One open window (Chris Downer) / CC BY-SA 2.0

Today I’m interviewing a couple of people who participate in a free program offered through a local hospital. The program mainly serves older adults who are dealing with a range of health issues, like diabetes, cancer, and arthritis. Many of the participants belong to groups that are affected by health disparities (or “preventable differences in the burden of disease, injury, violence, or opportunities to achieve optimal health that are experienced by socially disadvantaged populations” as defined by the US CDC [1]).

After hanging out at the hospital for a bit to check out the program, I go to the home of a woman in her 60s who couldn’t come to the hospital today. We talk about the study, its risks and benefits. It’s a small exploratory study, some semi-structured interviews; the hospital IRB gave it an expedited review.

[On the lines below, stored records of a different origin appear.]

(* Let $\Delta>0$, $h>0$, $N\in\mathbb{N}$, $\gamma>0$, $\sigma^2>0$ and real numbers $\eta_1,\dots,\eta_N$ be given. Let $u:\mathbb{R}\to\mathbb{R}$ be a known deterministic causal input ($u(t)=0$ for $t<0$). Let $g$ be a zero-mean Gaussian process on $[0,\infty)$ with covariance $\mathbb{E}\{g(t)g(s)\}=k(t,s)/\gamma$, and let $v(\Delta),\dots,v(N\Delta)$ be i.i.d. $\mathcal{N}(0,\sigma^2)$ random variables independent of $g$. Set $z(i\Delta)=(g*u)(i\Delta)+v(i\Delta)$, where $(g*u)(t)=\int_0^\infty g(\tau)u(t-\tau)\,\mathrm{d}\tau$, and suppose the observed data is the event $\mathcal{Y}_{1:N}=\{z(i\Delta)\in[\eta_i,\eta_i+h),\ i=1,\dots,N\}$. Let $\{t_i\}_{i=1}^{N+M}$ be finitely many real numbers with $t_i=i\Delta$ for $i=1,\dots,N$ and $t_{N+1},\dots,t_{N+M}$ arbitrary, and define $\mathbf{x}=[(g*u)(t_1),\dots,(g*u)(t_{N+M})]^\top$; assume the (Gaussian) covariance matrix of $\mathbf{x}$ is nonsingular. Let $\breve{g}$ be a minimizer over $g\in\mathcal{G}$ of $$-2\sum_{i=1}^{N}\log\left[\int_{\eta_i}^{\eta_i+h}\exp\Big(-\tfrac{1}{2\sigma^2}\big[z_i-(g*u)(i\Delta)\big]^2\Big)\mathrm{d}z_i\right]+\gamma\|g\|_{\mathcal{G}}^2 .$$ Then the maximum a posteriori (MAP) estimate of $\mathbf{x}$ given $\mathcal{Y}_{1:N}$ is $\hat{\mathbf{x}}=[(\breve g*u)(t_1),\dots,(\breve g*u)(t_{N+M})]^\top$.
   Context: $k:\mathbb{R}_+\times\mathbb{R}_+\to\mathbb{R}$ is a positive-definite kernel and $\mathcal{G}$ is the reproducing kernel Hilbert space (RKHS) it induces, with norm $\|\cdot\|_{\mathcal{G}}$. It is assumed that $u$ and $\mathcal{G}$ are such that each evaluation $g\mapsto (g*u)(t)$ (for the relevant $t$) is a bounded linear functional on $\mathcal{G}$. The kernel matrix $\mathbf{K}\in\mathbb{R}^{N\times N}$ has entries $\mathbf{K}_{ij}=\int_0^\infty\int_0^\infty u(i\Delta-\xi)u(j\Delta-\tau)k(\xi,\tau)\,\mathrm{d}\tau\,\mathrm{d}\xi$ and is assumed nonsingular. *)

theory Defs
  imports "HOL-Analysis.Analysis" "Jordan_Normal_Form.Determinant"
begin
lemma one_in_filtration: "\<one> \<in> K n"
proof (induction n)
  case 0
  then show ?case using filtration_0 by simp
next
  case (Suc n)
  then show ?case using filtration_mult_mem[of \<one> n \<one>] by simp
qed

lemma filtration_mono: "m \<le> n \<Longrightarrow> K m \<subseteq> K n"
proof (rule lift_Suc_mono_le[of K])
  fix n
  show "K n \<subseteq> K (Suc n)"
  proof
    fix x assume x: "x \<in> K n"
    have "x \<otimes> \<one> \<in> K (Suc n)" using filtration_mult_mem[OF x one_in_filtration] .
    then show "x \<in> K (Suc n)" using x filtration_subset by (metis r_one subsetD)
  qed
qed

definition level :: "'a \<Rightarrow> nat" where
  "level g = (LEAST n. g \<in> K n)"

lemma level_mem: "g \<in> carrier G \<Longrightarrow> g \<in> K (level g)"
  unfolding level_def using filtration_exhausts by (rule LeastI_ex)

lemma level_le: "g \<in> K n \<Longrightarrow> level g \<le> n"
  unfolding level_def by (rule Least_le)

lemma level_eq_0_iff: "g \<in> carrier G \<Longrightarrow> level g = 0 \<longleftrightarrow> g = \<one>"
  using level_mem level_le[of g 0] filtration_0 by fastforce

lemma level_mult_le:
  assumes x: "x \<in> carrier G" and y: "y \<in> carrier G"
  shows "level (x \<otimes> y) \<le> level x + level y"
proof (cases "level x = 0 \<or> level y = 0")
  case True
  then show ?thesis using level_eq_0_iff x y by auto
next
  case False
  define m where "m = max (level x) (level y)"
  have "x \<in> K m" "y \<in> K m"
    using filtration_mono level_mem x y unfolding m_def by (metis max.cobounded1 max.cobounded2 subsetD)+
  then have "level (x \<otimes> y) \<le> Suc m" by (intro level_le filtration_mult_mem)
  then show ?thesis using False unfolding m_def by auto
qed

text \<open>The maximum makes the distance symmetric without asking the \<open>K n\<close> to be closed under inverses.\<close>

definition level_dist :: "'a \<Rightarrow> 'a \<Rightarrow> real" where
  "level_dist x y = real (max (level (inv x \<otimes> y)) (level (inv y \<otimes> x)))"
(* Let $d\ge1$ and let $G_1=(V_1,E_1)$ and $G_2=(V_2,E_2)$ be two graphs with $G_1\cap G_2\cong K_2$ and $E_1\cap E_2=\{e\}$, such that $e$ is not a coloop in either $\mathcal{R}_d(G_1)$ or $\mathcal{R}_d(G_2)$. If $G$ is the graphical parallel connection of $G_1$ and $G_2$ along $e$, then $\mathcal{R}_d(G)=P(\mathcal{R}_d(G_1),\mathcal{R}_d(G_2))$. Moreover, if $G'$ is the graphical 2-sum of $G_1$ and $G_2$ along $e$, then $\mathcal{R}_d(G')=\mathcal{R}_d(G_1)\oplus_2\mathcal{R}_d(G_2)$.
   Context: For a graph $G=(V,E)$ and a generic $p:V\to\mathbb{R}^d$ (coordinates algebraically independent over $\mathbb{Q}$), the rigidity matrix $R(G,p)$ has a row for each $uv\in E$ with $p(u)-p(v)$ in the $d$ columns of $u$, $p(v)-p(u)$ in those of $v$, zeros elsewhere. $\mathcal{R}_d(G)$ is its row matroid on $E$. A coloop of a matroid is an element contained in no circuit. Graphical operations: for graphs $G_1,G_2$ with $G_1\cap G_2\cong K_2$ and $E_1\cap E_2=\{e\}$, the graphical parallel connection along $e$ is $G_1\cup G_2$ and the graphical 2-sum along $e$ is $(G_1\cup G_2)-e$. Matroid operations: for matroids $\mathcal{M}_1,\mathcal{M}_2$ on $E_1,E_2$ with $E_1\cap E_2=\{e\}$, $e$ neither a loop nor a coloop of either, the parallel connection $P(\mathcal{M}_1,\mathcal{M}_2)$ is the matroid on $E_1\cup E_2$ whose circuits are the circuits of $\mathcal{M}_1$, the circuits of $\mathcal{M}_2$, and the sets $(C_1\cup C_2)-e$ where $C_i$ is a circuit of $\mathcal{M}_i$ containing $e$ for $i=1,2$. The 2-sum $\mathcal{M}_1\oplus_2\mathcal{M}_2$ is the matroid on $(E_1\cup E_2)-e$ whose circuits are the circuits of $\mathcal{M}_1$ or $\mathcal{M}_2$ not containing $e$, together with the sets $(C_1\cup C_2)-e$ where $C_i$ is a circuit of $\mathcal{M}_i$ containing $e$ for $i=1,2$. *)

theory Defs
  imports Complex_Main
begin

definition simple_graph :: "'v set \<Rightarrow> 'v set set \<Rightarrow> bool" where
  "simple_graph V E \<longleftrightarrow> finite V \<and> (\<forall>x\<in>E. x \<subseteq> V \<and> card x = 2)"

text \<open>A polynomial is given by a finite set M of (distinct) monomials (exponent functions
  supported in X) and rational coefficients c.\<close>
definition alg_indep_rat :: "'a set \<Rightarrow> ('a \<Rightarrow> real) \<Rightarrow> bool" where
  "alg_indep_rat X x \<longleftrightarrow>
     (\<forall>(M :: ('a \<Rightarrow> nat) set) (c :: ('a \<Rightarrow> nat) \<Rightarrow> rat).
        finite M \<and> (\<forall>m\<in>M. \<forall>a. m a \<noteq> 0 \<longrightarrow> a \<in> X) \<and>
        (\<Sum>m\<in>M. of_rat (c m) * (\<Prod>a\<in>X. x a ^ m a)) = 0
        \<longrightarrow> (\<forall>m\<in>M. c m = 0))"

definition generic :: "nat \<Rightarrow> 'v set \<Rightarrow> ('v \<Rightarrow> nat \<Rightarrow> real) \<Rightarrow> bool" where
  "generic d V p \<longleftrightarrow> alg_indep_rat (V \<times> {..<d}) (\<lambda>(v, i). p v i)"
(* Let $X$ be a non-negative random variable with absolutely continuous distribution function $F$, survival function $\bar F$, and mean residual life function $m_1(t)=E(X-t\mid X>t)$. Let $G$ be the proportional hazards model of $F$, i.e. $\bar G(x)=(\bar F(x))^\theta$ for some $\theta>0$, and let $\alpha,\beta>0$. Define $$R_{\alpha,\beta}(\bar F,t)=\int_t^\infty\left(\frac{\bar F(x)}{\bar F(t)}\right)^{\alpha+\beta\theta}dx .$$ Then the relationship $R_{\alpha,\beta}(\bar F,t)=k\,m_1(t)$ for all $t>0$, with $k$ a constant, holds if and only if $X$ has a generalized Pareto distribution, i.e. survival function $\bar F(x)=\left(1+\frac{b}{a}x\right)^{-\left(1+\frac1b\right)}$, $x>0$, $b>-1$, $a>0$.
   Context: $R_{\alpha,\beta}(\bar F,t)$ is the dynamic relative cumulative residual information measure $\int_t^\infty (\bar F(x)/\bar F(t))^\alpha(\bar G(x)/\bar G(t))^\beta dx$ under the proportional hazards model $\bar G=\bar F^\theta$.
   Formalization: The exponent $\alpha+\beta\theta$ must differ from 1, $\bar F(x)^{\alpha+\beta\theta}$ is integrable over [0, infinity), and the generalized Pareto family includes b = 0 as exp(-x/a), with 1+(b/a)x replaced by max(0, 1+(b/a)x). The statement above fails without it. *)

theory Defs
  imports "HOL-Probability.Probability"
begin

definition survival :: "'a measure \<Rightarrow> ('a \<Rightarrow> real) \<Rightarrow> real \<Rightarrow> real" where
  "survival M X x = measure M {\<omega> \<in> space M. x < X \<omega>}"

definition mean_residual_life :: "'a measure \<Rightarrow> ('a \<Rightarrow> real) \<Rightarrow> real \<Rightarrow> real" where
  "mean_residual_life M X t =
     (LINT \<omega>:{\<omega> \<in> space M. t < X \<omega>}|M. X \<omega> - t) / survival M X t"

definition R_ph :: "real \<Rightarrow> real \<Rightarrow> real \<Rightarrow> (real \<Rightarrow> real) \<Rightarrow> real \<Rightarrow> real" where
  "R_ph \<alpha> \<beta> \<theta> Fbar t = (LBINT x:{t..}. (Fbar x / Fbar t) powr (\<alpha> + \<beta> * \<theta>))"

text \<open>Survival function of the generalized Pareto distribution
  Fbar(x) = (1 + (b/a) x) powr (-(1 + 1/b)), truncated at 0 (bounded support when b < 0);
  the case b = 0 is the usual limiting member, the exponential law with mean a.\<close>
definition gen_pareto_surv :: "real \<Rightarrow> real \<Rightarrow> real \<Rightarrow> real" where
  "gen_pareto_surv a b x =
     (if b = 0 then exp (- x / a) else (max 0 (1 + (b / a) * x)) powr (- (1 + 1 / b)))"

end

theory Submission
  imports Defs
begin

(* Let T and S be the tail integrals of Fbar and of Fbar powr c, where c = alpha + beta * theta.
   By Fubini the mean residual life is m = T / Fbar, so the relation R = k m reads
   S = k T Fbar^(c - 1). As T' = -Fbar and S' = -Fbar^c, this identity makes Fbar
   differentiable on its support with m' = (1 - c k) / (k (c - 1)); hence m(t) = a + b t with
   a = E X. Then T' = -T / (a + b t), an equation also solved by (a + b t) Gbar(t) for the
   generalized Pareto survival function Gbar, so Fbar = Gbar on the support. If Fbar vanishes,
   continuity at its first zero L forces a + b L <= 0 and -1 < b < 0. Conversely,
   (a + b t) Gbar(t)^e is an antiderivative of -((b + 1) e - b) Gbar^e, so R(t) and m(t) are
   both multiples of a + b t. *)

lemma tail_integral_eq_diff:
  fixes g :: "real \<Rightarrow> real"
  assumes [measurable]: "g \<in> borel_measurable borel"
    and int: "set_integrable lborel {a..} g" and "a \<le> t"
  shows "(LBINT x:{t..}. g x) = (LBINT x:{a..}. g x) - integral {a..t} g"
proof -
  have int_tail: "set_integrable lborel {t..} g" and int_Ico: "set_integrable lborel {a..<t} g"
    and int_Icc: "set_integrable lborel {a..t} g"
    by (rule set_integrable_subset[OF int]; use assms in auto)+
  have "{a..} = {a..<t} \<union> {t..}" "{a..<t} \<inter> {t..} = {}" using \<open>a \<le> t\<close> by auto
  then have "(LBINT x:{a..}. g x) = (LBINT x:{a..<t}. g x) + (LBINT x:{t..}. g x)"
    using set_integral_Un[OF _ int_Ico int_tail] by simp
  moreover have "(LBINT x:{a..<t}. g x) = (LBINT x:{a..t}. g x)"
  proof -
    have "AE x in lborel. indicator {a..<t} x *\<^sub>R g x = indicator {a..t} x *\<^sub>R g x"
      using AE_lborel_singleton[of t] by eventually_elim (auto simp: indicator_def)
    then show ?thesis unfolding set_lebesgue_integral_def
      by (rule integral_cong_AE[rotated 2]) measurable
  qed
  ultimately show ?thesis
    using set_borel_integral_eq_integral(2)[OF int_Icc] by simp
qed

lemma has_real_derivative_tail_integral:
  fixes g :: "real \<Rightarrow> real"
  assumes "g \<in> borel_measurable borel" "continuous_on {a..} g"
    and int: "set_integrable lborel {a..} g" and "a < t"
  shows "((\<lambda>s. LBINT x:{s..}. g x) has_real_derivative - g t) (at t)"
proof -
  have "((\<lambda>s. integral {a..s} g) has_real_derivative g t) (at t within {a..t+1})"
    by (rule integral_has_real_derivative) (use assms in \<open>auto intro: continuous_on_subset\<close>)
  moreover have "at t within {a..t+1} = at t"
    using \<open>a < t\<close> by (intro at_within_Icc_at) auto
  ultimately have "((\<lambda>s. (LBINT x:{a..}. g x) - integral {a..s} g) has_real_derivative - g t) (at t)"
    by (auto intro!: derivative_eq_intros)
  then show ?thesis
  proof (rule has_field_derivative_transform_within_open[where S="{a<..}"])
    show "(LBINT x:{a..}. g x) - integral {a..s} g = (LBINT x:{s..}. g x)" if "s \<in> {a<..}" for s
      using tail_integral_eq_diff[OF assms(1) int, of s] that by simp
  qed (use assms in auto)
qed

lemma tendsto_tail_integral_at_top:
  fixes g :: "real \<Rightarrow> real"
  assumes "g \<in> borel_measurable borel" and int: "set_integrable lborel {a..} g"
  shows "((\<lambda>s. LBINT x:{s..}. g x) \<longlongrightarrow> 0) at_top"
proof -
  have "((\<lambda>s. LBINT x:{a..s}. g x) \<longlongrightarrow> (LBINT x:{a..}. g x)) at_top"
    by (rule tendsto_set_lebesgue_integral_at_top[OF _ int]) auto
  then have "((\<lambda>s. (LBINT x:{a..}. g x) - (LBINT x:{a..s}. g x)) \<longlongrightarrow> 0) at_top"
    by (auto intro: tendsto_eq_intros)
  moreover have "\<forall>\<^sub>F s in at_top. (LBINT x:{a..}. g x) - (LBINT x:{a..s}. g x) = (LBINT x:{s..}. g x)"
    using eventually_ge_at_top[of a]
  proof eventually_elim
    case (elim s)
    have "set_integrable lborel {a..s} g"
      by (rule set_integrable_subset[OF int]) auto
    then show ?case
      using tail_integral_eq_diff[OF assms elim] set_borel_integral_eq_integral(2) by simp
  qed
  ultimately show ?thesis by (rule Lim_transform_eventually)
qed

lemma tail_integral_nonneg:
  fixes g :: "real \<Rightarrow> real"
  assumes "\<And>x. t \<le> x \<Longrightarrow> 0 \<le> g x"
  shows "0 \<le> (LBINT x:{t..}. g x)"
  unfolding set_lebesgue_integral_def
  by (intro integral_nonneg_AE) (use assms in \<open>auto simp: indicator_def\<close>)

lemma linear_ode_solutions_proportional:
  fixes f g r :: "real \<Rightarrow> real"
  assumes "s \<le> t" and "continuous_on {s..t} f" "continuous_on {s..t} g"
    and g_nonzero: "\<And>x. x \<in> {s..t} \<Longrightarrow> g x \<noteq> 0"
    and "\<And>x. s < x \<Longrightarrow> x < t \<Longrightarrow> (f has_real_derivative r x * f x) (at x)"
    and "\<And>x. s < x \<Longrightarrow> x < t \<Longrightarrow> (g has_real_derivative r x * g x) (at x)"
  shows "f t * g s = f s * g t"
proof (cases "s = t")
  case False
  have "(\<lambda>x. f x / g x) t = (\<lambda>x. f x / g x) s"
  proof (rule DERIV_isconst_end[where f="\<lambda>x. f x / g x"])
    show "s < t" using False \<open>s \<le> t\<close> by simp
    show "continuous_on {s..t} (\<lambda>x. f x / g x)"
      using assms by (intro continuous_intros) auto
    fix x assume x: "s < x" "x < t"
    have "((\<lambda>x. f x / g x) has_real_derivative
        (r x * f x * g x - f x * (r x * g x)) / (g x * g x)) (at x)"
      using x assms by (intro DERIV_divide) auto
    then show "((\<lambda>x. f x / g x) has_real_derivative 0) (at x)"
      by (simp add: algebra_simps)
  qed
  then show ?thesis
    using g_nonzero[of s] g_nonzero[of t] \<open>s \<le> t\<close> by (simp add: field_simps)
qed simp

lemma not_set_integrable_ge_inverse_linear:
  fixes g :: "real \<Rightarrow> real"
  assumes "g \<in> borel_measurable borel" "continuous_on {s..} g" "0 \<le> s" "0 < p" "0 < q" "0 < \<kappa>"
    and lower: "\<And>x. s \<le> x \<Longrightarrow> \<kappa> / (p + q * x) \<le> g x"
  shows "\<not> set_integrable lborel {s..} g"
proof
  assume int: "set_integrable lborel {s..} g"
  define F where "F x = (LBINT y:{x..}. g y)" for x
  (* K is nonincreasing, yet it dominates the unbounded function \<kappa> / q * ln (p + q * x) *)
  define K where "K x = F x + \<kappa> / q * ln (p + q * x)" for x
  have F_nonneg: "0 \<le> F x" if "s \<le> x" for x
    unfolding F_def using that assms(3-6) lower
    by (intro tail_integral_nonneg order.trans[OF _ lower]) auto
  have K_deriv: "\<exists>D. (K has_real_derivative D) (at x) \<and> D \<le> 0" if "s < x" for x
  proof (intro exI conjI)
    have "(F has_real_derivative - g x) (at x)"
      unfolding F_def by (rule has_real_derivative_tail_integral[OF assms(1,2) int that])
    then show "(K has_real_derivative - g x + \<kappa> / q * (q / (p + q * x))) (at x)"
      unfolding K_def using that assms(3-5)
      by (auto intro!: derivative_eq_intros simp: add_pos_nonneg)
    show "- g x + \<kappa> / q * (q / (p + q * x)) \<le> 0"
      using lower[of x] that assms(5) by simp
  qed
  have K_le: "K x \<le> K (s + 1)" if "s + 1 \<le> x" for x
  proof (rule DERIV_nonpos_imp_nonincreasing[OF that])
    show "\<exists>D. (K has_real_derivative D) (at y) \<and> D \<le> 0" if "s + 1 \<le> y" for y
      using K_deriv[of y] that by simp
  qed
  have "filterlim (\<lambda>x. p + q * x) at_top at_top"
    by (rule filterlim_tendsto_add_at_top[OF tendsto_const
          filterlim_tendsto_pos_mult_at_top[OF tendsto_const \<open>0 < q\<close> filterlim_ident]])
  then have "filterlim (\<lambda>x. \<kappa> / q * ln (p + q * x)) at_top at_top"
    using assms(5,6)
    by (intro filterlim_tendsto_pos_mult_at_top[OF tendsto_const _ filterlim_compose[OF ln_at_top]]) simp_all
  then have "\<forall>\<^sub>F x in at_top. K (s + 1) < \<kappa> / q * ln (p + q * x)"
    unfolding filterlim_at_top_dense by blast
  then have "\<forall>\<^sub>F x in at_top. K (s + 1) < \<kappa> / q * ln (p + q * x) \<and> s + 1 \<le> x"
    by (rule eventually_conj) (rule eventually_ge_at_top)
  then obtain x where "K (s + 1) < \<kappa> / q * ln (p + q * x)" "s + 1 \<le> x"
    using eventually_happens'[OF trivial_limit_at_top_linorder] by blast
  with K_le[of x] F_nonneg[of x] show False by (simp add: K_def)
qed

lemma gen_pareto_surv_0 [simp]: "gen_pareto_surv a b 0 = 1"
  by (simp add: gen_pareto_surv_def)

lemma gen_pareto_surv_exponential: "gen_pareto_surv a 0 = (\<lambda>x. exp (- x / a))"
  by (simp add: gen_pareto_surv_def fun_eq_iff)

lemma gen_pareto_surv_nonneg: "0 \<le> gen_pareto_surv a b x"
  by (simp add: gen_pareto_surv_def)

lemma gen_pareto_surv_eq_powr:
  assumes "0 < a" "b \<noteq> 0" "0 < a + b * x"
  shows "gen_pareto_surv a b x = (1 + b / a * x) powr - (1 + 1 / b)"
proof -
  have "0 < 1 + b / a * x" using assms by (simp add: field_simps)
  then show ?thesis using assms(2) by (simp add: gen_pareto_surv_def)
qed

lemma gen_pareto_surv_pos:
  assumes "0 < a" "0 < a + b * x"
  shows "0 < gen_pareto_surv a b x"
proof (cases "b = 0")
  case False
  have "1 + b / a * x \<noteq> 0" using assms by (simp add: field_simps)
  then show ?thesis using gen_pareto_surv_eq_powr[OF assms(1) False assms(2)] by simp
qed (simp add: gen_pareto_surv_def)

lemma gen_pareto_surv_eq_0:
  assumes "0 < a" "a + b * x \<le> 0"
  shows "gen_pareto_surv a b x = 0"
proof -
  have "b \<noteq> 0" and "1 + b / a * x \<le> 0" using assms by (auto simp: field_simps)
  then show ?thesis by (simp add: gen_pareto_surv_def)
qed

lemma gen_pareto_surv_borel_measurable [measurable]:
  "gen_pareto_surv a b \<in> borel_measurable borel"
  unfolding gen_pareto_surv_def by measurable

lemma has_real_derivative_gen_pareto_surv:
  assumes "0 < a" "0 < a + b * x"
  shows "(gen_pareto_surv a b has_real_derivative - ((1 + b) / (a + b * x) * gen_pareto_surv a b x)) (at x)"
proof (cases "b = 0")
  case True
  have "((\<lambda>x. exp (- x / a)) has_real_derivative - (1 / a * exp (- x / a))) (at x)"
    using assms(1) by (auto intro!: derivative_eq_intros simp: field_simps)
  then show ?thesis using True by (simp add: gen_pareto_surv_exponential)
next
  case False
  define y where "y = (\<lambda>x. 1 + b / a * x)"
  define p where "p = - (1 + 1 / b)"
  have y_pos: "0 < y x" using assms by (simp add: y_def field_simps)
  have "((\<lambda>x. y x powr p) has_real_derivative p * y x powr (p - 1) * (b / a)) (at x)"
    unfolding y_def using y_pos[unfolded y_def] assms(1) by (auto intro!: derivative_eq_intros)
  then have "(gen_pareto_surv a b has_real_derivative p * y x powr (p - 1) * (b / a)) (at x)"
  proof (rule has_field_derivative_transform_within_open[where S="{x. 0 < a + b * x}"])
    show "y z powr p = gen_pareto_surv a b z" if "z \<in> {x. 0 < a + b * x}" for z
      using gen_pareto_surv_eq_powr[OF assms(1) False] that by (simp add: y_def p_def)
  qed (use assms in \<open>auto intro!: open_Collect_less continuous_intros\<close>)
  moreover have "p * y x powr (p - 1) * (b / a) = - ((1 + b) / (a + b * x) * y x powr p)"
  proof -
    have "p * y x powr (p - 1) * (b / a) = (p * b) * y x powr p / (a * y x)"
      using y_pos by (simp add: powr_diff ac_simps)
    also have "p * b = - (1 + b)" using False by (simp add: p_def field_simps)
    also have "a * y x = a + b * x" using assms(1) by (simp add: y_def field_simps)
    finally show ?thesis using assms(2) by (simp add: field_simps)
  qed
  ultimately show ?thesis
    using gen_pareto_surv_eq_powr[OF assms(1) False assms(2)] by (simp add: y_def p_def)
qed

The benefits, I explain, are that this might help improve the program or keep the program going. There aren’t really any direct benefits to you though. We wish we had something to give you to thank you for participating. Basically what we’ll do is just sit here and talk. A risk is that some of the questions could be uncomfortable, but we can skip anything you want. If it’s okay with you, I will record the interview. We won’t put your name on the recording or use your name in reports on the interviews.

We have this standard consent form that the hospital uses, I say. It’s kind of long. We can go over what’s in it together, and please feel free to take as much time as you want to look it over…

Et cetera. As I’m saying this stuff, I’m cautiously drawing out the consent form.

Which is eight pages long.

And crazy.

It’s written in some sort of academic/medical dialect of English. There are three separate places for the participant to sign.

The first page is about being an experimental research subject, and is full of language about “drugs,” “devices” and “medical treatments,” even though we’re not doing a clinical experiment, or anything involving drugs, devices or medical treatments. We’re interviewing people about a class. Nevertheless, everyone is supposed to sign this vaguely terrifying “human experimental research subjects” page separately.

Then there are the seven other pages. If I start to describe them, I’m pretty sure I’ll never stop ranting, so let’s just keep it at: there are SEVEN MORE PAGES. And don’t forget the two more places to sign!

Mmkay. Not gonna rant. But just a few things:

So great, the IRB wants to support research that’s trying to make things better for people who bear the brunt of unequally distributed resources. Even better (?), it’s the IRB’s mission to protect people like the participants in this study.

And yet. Who is being protected by this consent form?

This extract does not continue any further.